Successful treatment of HIV-infected patients with antiretroviral therapy can induce the IRIS [12]. Two different pathogenic mechanisms explain the occurrence of IRIS. These are paradoxical reaction to antigens of microbiologically inactive infectious agents despite effective anti-infectious therapy and unmasking of an active infection [13]. Nacher et al. [14] reported that patients taking Highly Active Antiretroviral Therapy (HAART) were likely to develop disseminated histoplasmosis than untreated patients. This suggests that immune reconstitution after HAART reveals undiagnosed latent disseminated histoplasmosis. The exacerbation of skin and joint symptoms after starting HAART may be due to exaggerated cell- medicated response identical to a pattern commonly seen in type 1 lepra reaction giving rise to swelling of the skin and a reactive arthritis.

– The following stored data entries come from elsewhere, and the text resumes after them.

lemma kron_mult:
  assumes A: "A \<in> carrier_mat a a'" and B: "B \<in> carrier_mat b b'"
    and C: "C \<in> carrier_mat a' a''" and D: "D \<in> carrier_mat b' b''"
  shows "kron A B * kron C D = kron (A * C) (B * D)"
proof (rule eq_matI)
  fix i j assume "i < dim_row (kron (A * C) (B * D))" "j < dim_col (kron (A * C) (B * D))"
  then have i: "i < a * b" and j: "j < a'' * b''" using A B C D by auto
  note ii = less_mult_imp_div_mod_less[OF i] and jj = less_mult_imp_div_mod_less[OF j]
  have "(kron A B * kron C D) $$ (i, j) = (\<Sum>t<a' * b'. kron A B $$ (i, t) * kron C D $$ (t, j))"
    using A B C D i j by (subst index_mult_mat_sum[of _ "a * b" "a' * b'" _ "a'' * b''"]) auto
  also have "\<dots> = (\<Sum>t1<a'. \<Sum>t2<b'. kron A B $$ (i, t1 * b' + t2) * kron C D $$ (t1 * b' + t2, j))"
    by (rule sum_lessThan_mult)
  also have "\<dots> = (\<Sum>t1<a'. \<Sum>t2<b'. (A $$ (i div b, t1) * C $$ (t1, j div b'')) *
                                     (B $$ (i mod b, t2) * D $$ (t2, j mod b'')))"
  proof (intro sum.cong refl)
    fix t1 t2 assume t1: "t1 \<in> {..<a'}" and t2: "t2 \<in> {..<b'}"
    have "t1 * b' + t2 < (t1 + 1) * b'" using t2 by simp
    also have "\<dots> \<le> a' * b'" using t1 by (intro mult_right_mono) auto
    finally have "t1 * b' + t2 < a' * b'" .
    moreover have "(t1 * b' + t2) div b' = t1" "(t1 * b' + t2) mod b' = t2" using t2 by auto
    ultimately show "kron A B $$ (i, t1 * b' + t2) * kron C D $$ (t1 * b' + t2, j) =
        (A $$ (i div b, t1) * C $$ (t1, j div b'')) * (B $$ (i mod b, t2) * D $$ (t2, j mod b''))"
      using A B C D i j by (simp add: index_kron)
  qed
  also have "\<dots> = (\<Sum>t1<a'. A $$ (i div b, t1) * C $$ (t1, j div b'')) *
                  (\<Sum>t2<b'. B $$ (i mod b, t2) * D $$ (t2, j mod b''))"
    by (simp add: sum_product)
  also have "\<dots> = (A * C) $$ (i div b, j div b'') * (B * D) $$ (i mod b, j mod b'')"
    using ii jj by (simp add: index_mult_mat_sum[OF A C] index_mult_mat_sum[OF B D] del: index_mult_mat)
  also have "\<dots> = kron (A * C) (B * D) $$ (i, j)"
    using A B C D i j by (subst index_kron) auto
  finally show "(kron A B * kron C D) $$ (i, j) = kron (A * C) (B * D) $$ (i, j)" .
qed (use A B C D in auto)

lemma mtrace_kron:
  assumes A: "A \<in> carrier_mat a a" and B: "B \<in> carrier_mat b b"
  shows "mtrace (kron A B) = mtrace A * mtrace B"
proof -
  have "mtrace (kron A B) = (\<Sum>t1<a. \<Sum>t2<b. kron A B $$ (t1 * b + t2, t1 * b + t2))"
    using A B by (simp add: mtrace_def sum_lessThan_mult)
  also have "\<dots> = (\<Sum>t1<a. \<Sum>t2<b. A $$ (t1, t1) * B $$ (t2, t2))"
  proof (intro sum.cong refl)
    fix t1 t2 assume t1: "t1 \<in> {..<a}" and t2: "t2 \<in> {..<b}"
    have "t1 * b + t2 < (t1 + 1) * b" using t2 by simp
    also have "\<dots> \<le> a * b" using t1 by (intro mult_right_mono) auto
    finally have "t1 * b + t2 < a * b" .
    moreover have "(t1 * b + t2) div b = t1" "(t1 * b + t2) mod b = t2" using t2 by auto
    ultimately show "kron A B $$ (t1 * b + t2, t1 * b + t2) = A $$ (t1, t1) * B $$ (t2, t2)"
      using A B by (simp add: index_kron)
  qed
  also have "\<dots> = mtrace A * mtrace B" using A B by (simp add: mtrace_def sum_product)
  finally show ?thesis .
qed

lemma kron_one: "kron (1\<^sub>m a) (1\<^sub>m b) = 1\<^sub>m (a * b)"
proof (rule eq_matI)
  fix i j assume "i < dim_row (1\<^sub>m (a * b))" "j < dim_col (1\<^sub>m (a * b))"
  then have i: "i < a * b" and j: "j < a * b" by auto
  then have "0 < b" by (cases b) auto
  then have "i = j \<longleftrightarrow> i div b = j div b \<and> i mod b = j mod b"
    by (metis div_mult_mod_eq)
  then show "kron (1\<^sub>m a) (1\<^sub>m b) $$ (i, j) = 1\<^sub>m (a * b) $$ (i, j)"
    using i j less_mult_imp_div_mod_less[OF i] less_mult_imp_div_mod_less[OF j] by (simp add: index_kron)
qed auto

lemma kron_one_left: "kron (1\<^sub>m 1) B = B"
  by (rule eq_matI) (auto simp: index_kron)

lemma kron_assoc:
  assumes A: "A \<in> carrier_mat ra ca" and B: "B \<in> carrier_mat rb cb" and C: "C \<in> carrier_mat rc cc"
  shows "kron A (kron B C) = kron (kron A B) C"
proof (rule eq_matI)
  fix i j assume "i < dim_row (kron (kron A B) C)" "j < dim_col (kron (kron A B) C)"
  then have i: "i < ra * rb * rc" and j: "j < ca * cb * cc" using A B C by auto
  then have i': "i < ra * (rb * rc)" and j': "j < ca * (cb * cc)" by (simp_all add: mult.assoc)
  note ii = less_mult_imp_div_mod_less[OF i] and jj = less_mult_imp_div_mod_less[OF j]
  have "i div (rb * rc) = i div rc div rb" "j div (cb * cc) = j div cc div cb"
    by (metis div_mult2_eq mult.commute)+
  moreover have "i mod (rb * rc) = rc * (i div rc mod rb) + i mod rc"
    "j mod (cb * cc) = cc * (j div cc mod cb) + j mod cc"
    by (metis mod_mult2_eq mult.commute)+
  then have "i mod (rb * rc) div rc = i div rc mod rb" "j mod (cb * cc) div cc = j div cc mod cb"
    using ii jj by simp_all
  moreover have "i mod (rb * rc) mod rc = i mod rc" "j mod (cb * cc) mod cc = j mod cc"
    by (simp_all add: mod_mod_cancel)
  moreover have "i mod (rb * rc) < rb * rc" "j mod (cb * cc) < cb * cc"
    using less_mult_imp_div_mod_less[OF i'] less_mult_imp_div_mod_less[OF j'] by auto
  moreover have "i div rc < ra * rb" "j div cc < ca * cb" using ii jj by auto
  ultimately show "kron A (kron B C) $$ (i, j) = kron (kron A B) C $$ (i, j)"
    using A B C i j i' j' by (simp add: index_kron)
qed (use A B C in auto)

lemma hermitian_kron:
  assumes A: "A \<in> carrier_mat a a" "hermitian A" and B: "B \<in> carrier_mat b b" "hermitian B"
  shows "hermitian (kron A B)"
proof -
  have "cnj (kron A B $$ (i, j)) = kron A B $$ (j, i)" if "i < a * b" "j < a * b" for i j
    using that A B less_mult_imp_div_mod_less[OF that(1)] less_mult_imp_div_mod_less[OF that(2)]
    by (simp add: index_kron hermitian_index[OF A] hermitian_index[OF B])
  then show ?thesis using A B by (simp add: hermitian_iff[OF kron_carrier[OF A(1) B(1)]])
qed

section \<open>Pauli strings\<close>

lemma pauli1_carrier [simp]: "pauli1 k \<in> carrier_mat 2 2"
  by (auto simp: pauli1_def mat_of_rows_list_def)

lemma pauli1_dims [simp]: "dim_row (pauli1 k) = 2" "dim_col (pauli1 k) = 2"
  using carrier_matD[OF pauli1_carrier[of k]] by auto

lemma index_pauli1:
  "i < 2 \<Longrightarrow> j < 2 \<Longrightarrow> pauli1 k $$ (i, j) =
     (if k = 0 then (if i = j then 1 else 0)
      else if k = 1 then (if i = j then 0 else 1)
      else if k = 2 then (if i = j then 0 else if i = 0 then - \<i> else \<i>)
      else (if i = j then (if i = 0 then 1 else -1) else 0))"
  by (auto simp: pauli1_def mat_of_rows_list_def less_2_cases_iff)

lemma sum_lessThan_2: "(\<Sum>i<(2::nat). f i) = f 0 + f 1"
  by (simp add: numeral_2_eq_2)

lemma sum_lessThan_4: "(\<Sum>i<(4::nat). f i) = f 0 + f 1 + f 2 + f 3"
  by (simp add: numeral_eq_Suc add.assoc)

lemma hermitian_pauli1: "hermitian (pauli1 k)"
  by (auto simp: hermitian_iff[OF pauli1_carrier] index_pauli1 less_2_cases_iff)

lemma pauli1_square: "pauli1 k * pauli1 k = 1\<^sub>m 2"
  by (rule eq_matI)
    (auto simp: index_mult_mat_sum[OF pauli1_carrier pauli1_carrier] sum_lessThan_2 index_pauli1
       less_2_cases_iff simp del: index_mult_mat(1))

lemma mtrace_pauli1_mult:
  "a < 4 \<Longrightarrow> b < 4 \<Longrightarrow> mtrace (pauli1 a * pauli1 b) = (if a = b then 2 else 0)"
  by (auto simp: mtrace_mult[OF pauli1_carrier pauli1_carrier] sum_lessThan_2 index_pauli1
      eval_nat_numeral less_Suc_eq)

lemma pauli1_completeness:
  "i < 2 \<Longrightarrow> j < 2 \<Longrightarrow> k < 2 \<Longrightarrow> l < 2 \<Longrightarrow>
   (\<Sum>a<4. pauli1 a $$ (i, j) * pauli1 a $$ (k, l)) = (if i = l \<and> j = k then 2 else 0)"
  by (auto simp: sum_lessThan_4 index_pauli1 less_2_cases_iff)

lemma pauli_string_Nil: "pauli_string [] = 1\<^sub>m 1"
  by (simp add: pauli_string_def)

lemma pauli_string_Cons: "pauli_string (k # ks) = kron (pauli1 k) (pauli_string ks)"
  by (simp add: pauli_string_def)

lemma pauli_string_carrier: "pauli_string ks \<in> carrier_mat (2 ^ length ks) (2 ^ length ks)"
  by (induction ks) (auto simp: pauli_string_Cons pauli_string_Nil)

lemma pauli_string_dims [simp]:
  "dim_row (pauli_string ks) = 2 ^ length ks" "dim_col (pauli_string ks) = 2 ^ length ks"
  using carrier_matD[OF pauli_string_carrier[of ks]] by auto

lemma index_pauli_string_Cons:
  "i < 2 * 2 ^ length ks \<Longrightarrow> j < 2 * 2 ^ length ks \<Longrightarrow>
   pauli_string (k # ks) $$ (i, j) = pauli1 k $$ (i div 2 ^ length ks, j div 2 ^ length ks) *
     pauli_string ks $$ (i mod 2 ^ length ks, j mod 2 ^ length ks)"
  by (simp add: pauli_string_Cons index_kron)

lemma pauli_string_append: "pauli_string (ks @ ls) = kron (pauli_string ks) (pauli_string ls)"
proof (induction ks)
  case Nil
  then show ?case by (simp only: pauli_string_Nil append_Nil kron_one_left)
next
  case (Cons k ks)
  then show ?case
    by (simp add: pauli_string_Cons kron_assoc[OF pauli1_carrier pauli_string_carrier pauli_string_carrier])
qed

lemma pauli_string_replicate_0: "pauli_string (replicate n 0) = 1\<^sub>m (2 ^ n)"
proof (induction n)
  case 0
  then show ?case by (simp add: pauli_string_Nil)
next
  case (Suc n)
  have "pauli1 0 = 1\<^sub>m 2"
    by (rule eq_matI) (auto simp: index_pauli1)
  then show ?case by (simp add: pauli_string_Cons Suc kron_one)
qed

lemma hermitian_pauli_string: "hermitian (pauli_string ks)"
proof (induction ks)
  case Nil
  show ?case by (simp add: pauli_string_Nil hermitian_iff[OF one_carrier_mat])
next
  case (Cons k ks)
  then show ?case
    unfolding pauli_string_Cons by (rule hermitian_kron[OF pauli1_carrier hermitian_pauli1 pauli_string_carrier])
qed

lemma pauli_string_square: "pauli_string ks * pauli_string ks = 1\<^sub>m (2 ^ length ks)"
  by (induction ks)
    (simp_all add: pauli_string_Nil pauli_string_Cons pauli1_square kron_one
      kron_mult[OF pauli1_carrier pauli_string_carrier pauli1_carrier pauli_string_carrier])

lemma pauli_labels_0: "pauli_labels 0 = {[]}"
  by (auto simp: pauli_labels_def)

lemma pauli_labels_Suc: "pauli_labels (Suc n) = (\<lambda>(a, P). a # P) ` ({..<4} \<times> pauli_labels n)"
proof
  show "pauli_labels (Suc n) \<subseteq> (\<lambda>(a, P). a # P) ` ({..<4} \<times> pauli_labels n)"
  proof
    fix xs assume xs: "xs \<in> pauli_labels (Suc n)"
    then obtain a P where "xs = a # P" by (cases xs) (auto simp: pauli_labels_def)
    moreover have "a < 4" "P \<in> pauli_labels n" using xs calculation by (auto simp: pauli_labels_def)
    ultimately show "xs \<in> (\<lambda>(a, P). a # P) ` ({..<4} \<times> pauli_labels n)" by force
  qed
qed (auto simp: pauli_labels_def)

Ampotericin B and ltraconazole are the antifungal agents that were noted to be effective in the treatment of histoplasmosis [15]. The availability and the cost of these medications are limiting factors in resource limited settings. This patient was treated successfully with fluconazole after a relapse with itraconazole interruption. Fluconazole was used because its availability and affordability. However, reports indicate that a high proportion of patients failed fluconazole therapy than those treated with itraconazole [16]. Flucaonazole was found to induce resistance during therapy [16]. There was no relapse after stopping maintenance treatment after the rise of the CD4 count to more than 500/mm3. Treatment should be continued until clinical and laboratory findings are normal. However 10-15% of patients will experience relapse [17]. Longer therapy and probably a lifelong suppressive therapy were proposed in patients whose immunosuppression cannot be reversed [15]. The minimum required CD4 count reconstitution to stop maintenance therapy in disseminated disease involving the bone needs further research.
The aftermath of disseminated histoplasmosis on digits resemble leprosy, but without the loss of sensation. The stigmata associated with leprosy in endemic areas are compounded by stigma associated with HIV infection and therefore, this patient requires continuous counseling.